Meine Hardware und die Aufgabe:

Die vorhanden Regler sind ein Sollwertregler, ein Regler zum Heizen und einer zum Kühlen. 
Der Kaskadenregler bekommt einen Temperatursollwert und muss ein Chemiebecken von mehreren tausend Litern sehr schnell in der Temperatur regeln. 
Am Kühlregler ist ein Motorventil  angeschlossen das  über einen Takt auf und zu gefahren werden kann. (Takt auf und Takt für zu)
Am Heizregler ist ein Motorventil  angeschlossen das  über einen Takt auf und zu gefahren werden kann. (Takt auf und Takt für zu)

Die Temperaturregelungen mit der Kaskadenregelung ist ca 20mal vorhanden. Die teilweise sehr alten Regler sollen ausgetauscht werden.

Ist das mit einer S7 machbar ? gibt es solche Regelbausteine in CFC ?


Für jeden Tank bräuchte ich drei sehr flexibele Regelbausteine die am Ausgang Takte für Kühlen und Takte für Heizen erzeugen.

Bedienung und Visu lasse ich jetzt mal hier raus.

Den Sollwert hätte ich in REAL. Dieser muss den Heiz- und Kühlregler bedienen. Als Ausgang brauche ich nur 4 digitale für die Motorventile 

Wer hat sowas mal realisiert ? und hat eine Verständlich Idee?

Gruß Andreas


----------



## xhasx (15 Juni 2007)

Gibt's!

FB58, und ein Beispielprojekt ist in Step7 dabei.


----------



## Onkel Dagobert (15 Juni 2007)

Hallo Andreas,

ein geiles Projekt! Ich würde als Führungsregler den FB41, und als Folgeregler 2x den FB59 einsetzen, das ganze 20x. Die Regler im OB35 über einen Aufrufverteiler aufrufen! Temperaturregelungen mit ..zig gleichartigen Regelkreisen, incl. einer sehr effektiven HMI-Anbindung habe ich schon gemacht.
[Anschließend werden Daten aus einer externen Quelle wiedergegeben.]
lemma Palg_loc_fact:
  assumes fin: "finite V" and q: "qca V d E R \<alpha>" and F: "F \<subseteq> V"
  shows "loc_fact V d E (2 * R) (Palg V d E R \<alpha> F)"
  unfolding loc_fact_def
proof (intro allI impI ballI, elim conjE)
  fix T1 T2 X and B :: "nat set" and A :: "nat \<Rightarrow> real" and Q1 Q2 b
  assume T1V: "T1 \<subseteq> V" and T2V: "T2 \<subseteq> V" and disj: "T1 \<inter> T2 = {}"
    and sep: "\<forall>x\<in>T1. \<forall>y\<in>T2. \<not> within_dist E (2 * R) x y"
    and XP: "X \<in> Palg V d E R \<alpha> F"
    and "X \<in> alg V d (T1 \<union> T2)" \<comment> \<open>unused: implied by the supports of the factors\<close>
    and finB: "finite B" and A: "\<forall>\<beta>\<in>B. A \<beta> > 0"
    and Q: "\<forall>\<beta>\<in>B. Q1 \<beta> \<in> alg V d T1 \<and> Q2 \<beta> \<in> alg V d T2"
    and orth1: "\<forall>\<beta>\<in>B. \<forall>\<gamma>\<in>B. hs V d (Q1 \<beta>) (Q1 \<gamma>) = (if \<beta> = \<gamma> then 1 else 0)"
    and orth2: "\<forall>\<beta>\<in>B. \<forall>\<gamma>\<in>B. hs V d (Q2 \<beta>) (Q2 \<gamma>) = (if \<beta> = \<gamma> then 1 else 0)"
    and X: "X = (\<lambda>s t. \<Sum>\<beta>\<in>B. complex_of_real (A \<beta>) * opmult V d (Q1 \<beta>) (Q2 \<beta>) s t)"
    and b: "b \<in> B"
  have A_ne_0: "\<forall>\<beta>\<in>B. complex_of_real (A \<beta>) \<noteq> 0" using A by auto
  have sep': "\<forall>x\<in>T2. \<forall>y\<in>T1. \<not> within_dist E (2 * R) x y"
    using sep by (meson walk_sym within_dist_def)
  have Q': "\<forall>\<beta>\<in>B. Q2 \<beta> \<in> alg V d T2 \<and> Q1 \<beta> \<in> alg V d T1" using Q by blast
  have "opmult V d (Q1 \<beta>) (Q2 \<beta>) = opmult V d (Q2 \<beta>) (Q1 \<beta>)" if "\<beta> \<in> B" for \<beta>
    using alg_disjoint_commute[OF fin _ _ disj] Q that by blast
  then have X': "X = (\<lambda>s t. \<Sum>\<beta>\<in>B. complex_of_real (A \<beta>) * opmult V d (Q2 \<beta>) (Q1 \<beta>) s t)"
    unfolding X by (intro ext sum.cong refl) simp
  have "Q1 b \<in> Palg V d E R \<alpha> F"
    by (rule Palg_svd_left_factor[OF fin q F T1V T2V disj sep XP finB A_ne_0 Q orth2 X b])
  moreover have "Q2 b \<in> Palg V d E R \<alpha> F"
    using disj by (intro Palg_svd_left_factor[OF fin q F T2V T1V _ sep' XP finB A_ne_0 Q' orth1 X' b]) auto
  ultimately show "Q1 b \<in> Palg V d E R \<alpha> F \<and> Q2 b \<in> Palg V d E R \<alpha> F" ..
qed

theorem mainTheorem18:
  fixes V :: "'v set" and d :: "'v \<Rightarrow> nat" and E :: "'v \<Rightarrow> 'v \<Rightarrow> bool"
    and R :: nat and \<alpha> :: "'v op \<Rightarrow> 'v op" and F :: "'v set"
  assumes "finite V"
    and "qca V d E R \<alpha>"
    and "F \<subseteq> V"
  shows "is_subalgebra V d (Palg V d E R \<alpha> F) \<and> loc_fact V d E (2 * R) (Palg V d E R \<alpha> F)"
  using Palg_is_subalgebra[OF assms] Palg_loc_fact[OF assms] by blast

end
Ohne Visu würde ich das jedoch nicht angehen.

Ist die Hardware schon festgelegt, oder ist Sparen noch möglich?


Gruß, Onkel


----------



## kiestumpe (19 Juni 2007)

Zum Takten kann auch noch der FB 42 und FB 43 helfen, da hier bereits Taktsignale erzeugt werden. 

hth

Frank


----------